Journal of Indian Society of Periodontology

ORIGINAL ARTICLE
Year
: 2019  |  Volume : 23  |  Issue : 5  |  Page : 409--415

Genotypic variations of Porphyromonas gingivalis in chronic periodontitis patients with and without diabetes: An in vitro study using arbitrarily primed-polymerase chain reaction and heteroduplex-polymerase chain reaction


Siladitya Sen1, Kukkamalla Meena Anand2,  
1 Department of Periodontology, MMDCH, Darbhangha, Bihar, India
2 Department of Periodontology, Manipal College of Dental Sciences, Manipal, Karnataka, India

Correspondence Address:
Dr. Siladitya Sen
Post Graduate Student, Department of Periodontology, Manipal College of Dental Sciences, Manipal - 576 104, Karnataka
India

Abstract

Context: Diabetes has become an endemic throughout the world. Periodontitis is associated with diabetes, and it has been regarded as the sixth complication of diabetes. However, the role of diabetes on periodontopathic microbiota such as Porphyromonas gingivalis remains unclear. Aims: To compare the total number of different genotypes of P. gingivalis in chronic periodontitis patients with and without diabetes by using arbitrarily primed-polymerase chain reaction (AP-PCR) and heteroduplex-PCR. Settings and Design: This is a single-center comparative study. Materials and Methods: A total of 100 patients were included in this study. Patients were divided into two groups: Group A – patients having chronic periodontitis without diabetes (50) and Group B – patients having chronic periodontitis with diabetes (50). Subgingival plaque samples were collected from both groups of patients. Plaque samples were cultured for P. gingivalis. Positive culture samples and extracted DNA from samples by proteinase-K method were collected. Part of DNA samples were checked by AP-PCR using OPA-13 primer, and part of the DNA were checked using heteroduplex-PCR using P. gingivalis-specific Pg8 primer. Results were analyzed by polyacrylamide gel electrophoresis procedure. Statistical Analysis Used: Independent t-test and Chi-square test (SPSS 16) were used. Results: Thirty-four out of fifty samples of Group B patients were found positive for P. gingivalis, whereas 21 out of 50 samples in Group A were found positive for P. gingivalis. AP-PCR showed nine different genotypes in Group B and six different genotypes in Group A. Heteroduplex-PCR showed a total of seven different genotypes in Group B and five different genotypes in Group A. Conclusions: Results of this study show that, in diabetic condition, P. gingivalis shows increased variations in genotypes.



How to cite this article:
Sen S, Anand KM. Genotypic variations of Porphyromonas gingivalis in chronic periodontitis patients with and without diabetes: An in vitro study using arbitrarily primed-polymerase chain reaction and heteroduplex-polymerase chain reaction.J Indian Soc Periodontol 2019;23:409-415


How to cite this URL:
Sen S, Anand KM. Genotypic variations of Porphyromonas gingivalis in chronic periodontitis patients with and without diabetes: An in vitro study using arbitrarily primed-polymerase chain reaction and heteroduplex-polymerase chain reaction. J Indian Soc Periodontol [serial online] 2019 [cited 2019 Oct 14 ];23:409-415
Available from: http://www.jisponline.com/text.asp?2019/23/5/409/263381


Full Text



 Introduction



Periodontal disease is caused by complex bacterial species that provoke host immune response, causing the production of a large spectrum of inflammatory mediators, leading to destruction of connective tissue and supporting alveolar bone.[1]

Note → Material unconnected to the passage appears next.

(* Let $\sigma$ be a reasonable strategy of player $0$ in the escape arena $\mathcal{A}_\bot$. If there is a vertex $s\in W_0$ with $\mathcal{V}_\sigma(s)\prec\infty$, then $\sigma$ has at least one strict improvement, i.e. $S_\sigma\neq\emptyset$.
   Context: Parity game arena: $\mathcal{A}=(V,E,o,c)$ with $V$ finite, $E\subseteq V\times V$, every vertex has a successor, owner map $o:V\to\{0,1\}$, colouring $c:V\to\{0,\dots,d-1\}$; $V_i=o^{-1}(i)$. An infinite vertex sequence is won by player $0$ iff the largest colour occurring infinitely often is even. A cycle is $i$-dominated if its largest colour has parity $i$. $W_0$ is the set of vertices from which player $0$ has a winning strategy in the parity game on $\mathcal{A}$. Escape arena $\mathcal{A}_\bot$: vertices $V\cup\{\bot\}$, edges $E\cup(V_0\times\{\bot\})$, $\bot$ owned by player $0$ with no outgoing edges. $E_0$ = edges of $\mathcal{A}_\bot$ leaving $V_0$, $E_1=E\cap(V_1\times V)$. A strategy of player $i$ is a set $\sigma\subseteq E_i$ with $s\sigma\neq\emptyset$ for all $s\in V_i$. $\mathcal{A}_\bot|_{\sigma,\tau}$ has edges $\sigma\cup\tau$, $\mathcal{A}_\bot|_\sigma$ has edges $\sigma\cup E_1$; plays are maximal paths. Colour profiles $\mathcal{P}=\mathbb{Z}^d\cup\{-\infty,\infty\}$, $\text{\o}$ zero vector; $\wp(s)$ unit vector at coordinate $c(s)$; for a finite path the sum over vertices in $V$; infinite play: $\infty$ if won by player $0$, else $-\infty$. Addition componentwise, $x+\pm\infty=\pm\infty$. Order $\prec$: $-\infty$ least, $\infty$ greatest; for distinct $p,p'\in\mathbb{Z}^d$ with $k$ the largest differing index, $p\prec p'$ iff ($k$ even, $p_k<p'_k$) or ($k$ odd, $p_k>p'_k$). Valuation: $\mathcal{V}_\sigma(\bot)=\text{\o}$, $\mathcal{V}_\sigma(s)=\min^\prec_\tau\max^\prec\{\wp(\pi)\mid\pi$ a play in $\mathcal{A}_\bot|_{\sigma,\tau}$ from $s\}$. $\sigma$ is reasonable if $\mathcal{A}_\bot|_\sigma$ has no $1$-dominated cycle. $S_\sigma$ is the set of edges $(s,t)\in E_0$ with $\mathcal{V}_\sigma(s)\prec\wp(s)+\mathcal{V}_\sigma(t)$ (strict improvements). *)

theory Defs
  imports Main
begin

The change from periodontal health to disease is associated with the transposition of predominantly Gram-positive bacterial flora with Gram-negative anaerobes.[2] A constant association has emerged between Porphyromonas gingivalis, a Gram-negative, black pigmented strictly anaerobic bacterium, and manifestation of periodontal diseases.[3],[4]

There has also been a long-standing debate for many years if diabetes has any role to play on the periodontal microbiota. This question was first raised by scientists in the late 1980s, who postulated that elevated glucose in gingival crevicular fluid (GCF) in diabetic individuals assists the growth of specific microbial species in the subgingival area,[5] resulting in increased propensity to periodontitis and faster disease progression. Studies to find out the impact of diabetes on periodontal microbiota showed inconclusive and contradicting data. There are few studies which showed increase in periodontopathic bacteria in patients with diabetes;[6] however, there are few studies which reported that diabetes has insignificant effect on microbial population in periodontal patients.[7],[8]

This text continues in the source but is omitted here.